┏━━

lemma det_grover_eq_trans_mat:
  assumes "n \<le> num_edges adj \<or> lam\<^sup>2 \<noteq> b\<^sup>2"
  shows "det (lam \<cdot>\<^sub>m 1\<^sub>m (2 * num_edges adj) - grover_mat n adj as a b)
    = (lam\<^sup>2 - b\<^sup>2) powi (int (num_edges adj) - int n)
      * det ((lam\<^sup>2 + b * ((1 - real q) * a + b * real q)) \<cdot>\<^sub>m 1\<^sub>m n
             - (lam * ((1 - real q) * a + b * (real q + 1))) \<cdot>\<^sub>m trans_mat n adj)"
proof (rule eq_powi_mult_of_mult_eq[where F = "\<lambda>x. det (x \<cdot>\<^sub>m 1\<^sub>m (2 * num_edges adj) - grover_mat n adj as a b)"])
  let ?N = "2 * num_edges adj" and ?G = "grover_mat n adj as a b"
  have G: "?G \<in> carrier_mat ?N ?N"
    using length_arcs length_edges by (simp add: grover_mat_def)
  then have one_smult: "x \<cdot>\<^sub>m 1\<^sub>m ?N - ?G = x \<cdot>\<^sub>m 1\<^sub>m ?N - 1 \<cdot>\<^sub>m ?G" for x
    by (intro eq_matI) auto
  show "continuous (at lam) (\<lambda>x. det (x \<cdot>\<^sub>m 1\<^sub>m ?N - ?G))"
    unfolding one_smult by (intro continuous_at_det_smult_diff[OF one_carrier_mat G] continuous_intros)
  show "continuous (at lam) (\<lambda>x. det ((x\<^sup>2 + b * ((1 - real q) * a + b * real q)) \<cdot>\<^sub>m 1\<^sub>m n
             - (x * ((1 - real q) * a + b * (real q + 1))) \<cdot>\<^sub>m trans_mat n adj))"
    by (intro continuous_at_det_smult_diff continuous_intros) (auto simp: trans_mat_def)
  show "det (x \<cdot>\<^sub>m 1\<^sub>m ?N - ?G) * (x - b) ^ (num_edges adj + n) * (x + b) ^ n
    = (x - b) ^ (2 * num_edges adj) * (x + b) ^ num_edges adj
      * det ((x\<^sup>2 + b * ((1 - real q) * a + b * real q)) \<cdot>\<^sub>m 1\<^sub>m n
             - (x * ((1 - real q) * a + b * (real q + 1))) \<cdot>\<^sub>m trans_mat n adj)" for x
    using det_grover_mat_cleared[of x] by (simp only: length_arcs length_edges)
qed (use assms in simp)

end

theorem corollary3:
  fixes n q :: nat and adj :: "nat \<Rightarrow> nat \<Rightarrow> bool" and as :: "(nat \<times> nat) list"
    and a b lam :: real
  assumes "simple_graph n adj" and "connected_graph n adj"
    and "regular_graph n adj (q + 1)"
    and "arc_enum adj as"
    and "0 \<le> a" and "a \<le> 1"
    and "num_edges adj \<ge> n \<or> lam\<^sup>2 \<noteq> b\<^sup>2"
  shows "det (lam \<cdot>\<^sub>m 1\<^sub>m (2 * num_edges adj) - grover_mat n adj as a b) =
           (lam\<^sup>2 - b\<^sup>2) powi (int (num_edges adj) - int n) *
           det ((lam\<^sup>2 + b * ((1 - real q) * a + b * real q)) \<cdot>\<^sub>m 1\<^sub>m n
                - (lam * ((1 - real q) * a + b * (real q + 1))) \<cdot>\<^sub>m trans_mat n adj)
       \<and> det (lam \<cdot>\<^sub>m 1\<^sub>m (2 * num_edges adj) - grover_mat n adj as a b) =
           (lam\<^sup>2 - b\<^sup>2) powi (int (num_edges adj) - int n) *
           det ((lam\<^sup>2 - lam * ((1 - real q) * a + b * (real q + 1))
                   + b * ((1 - real q) * a + b * real q)) \<cdot>\<^sub>m 1\<^sub>m n
                + (lam * (b - (real q - 1) / (real q + 1) * a))
                   \<cdot>\<^sub>m (degree_mat n adj - adj_mat n adj))"
proof -
  interpret regular_graph_arcs n q adj as
    using assms(1,3,4) by unfold_locales
  let ?g = "(1 - real q) * a + b * (real q + 1)" and ?\<beta> = "b * ((1 - real q) * a + b * real q)"
  have "lam\<^sup>2 + ?\<beta> - lam * ?g = lam\<^sup>2 - lam * ?g + ?\<beta>"
    and "lam * ?g / real (q + 1) = lam * (b - (real q - 1) / (real q + 1) * a)"
    by (simp_all add: field_simps)
  then have "(lam\<^sup>2 + ?\<beta>) \<cdot>\<^sub>m 1\<^sub>m n - (lam * ?g) \<cdot>\<^sub>m trans_mat n adj
    = (lam\<^sup>2 - lam * ?g + ?\<beta>) \<cdot>\<^sub>m 1\<^sub>m n
      + (lam * (b - (real q - 1) / (real q + 1) * a)) \<cdot>\<^sub>m (degree_mat n adj - adj_mat n adj)"
    unfolding smult_one_minus_smult_trans_mat by (simp only:)
  with det_grover_eq_trans_mat assms(7) show ?thesis
    by auto
qed

end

┗━━

YOUR INSTRUCTIONS:
Count the lines above that contain the word "using", and give only that number.

TASK RESPONSE:
3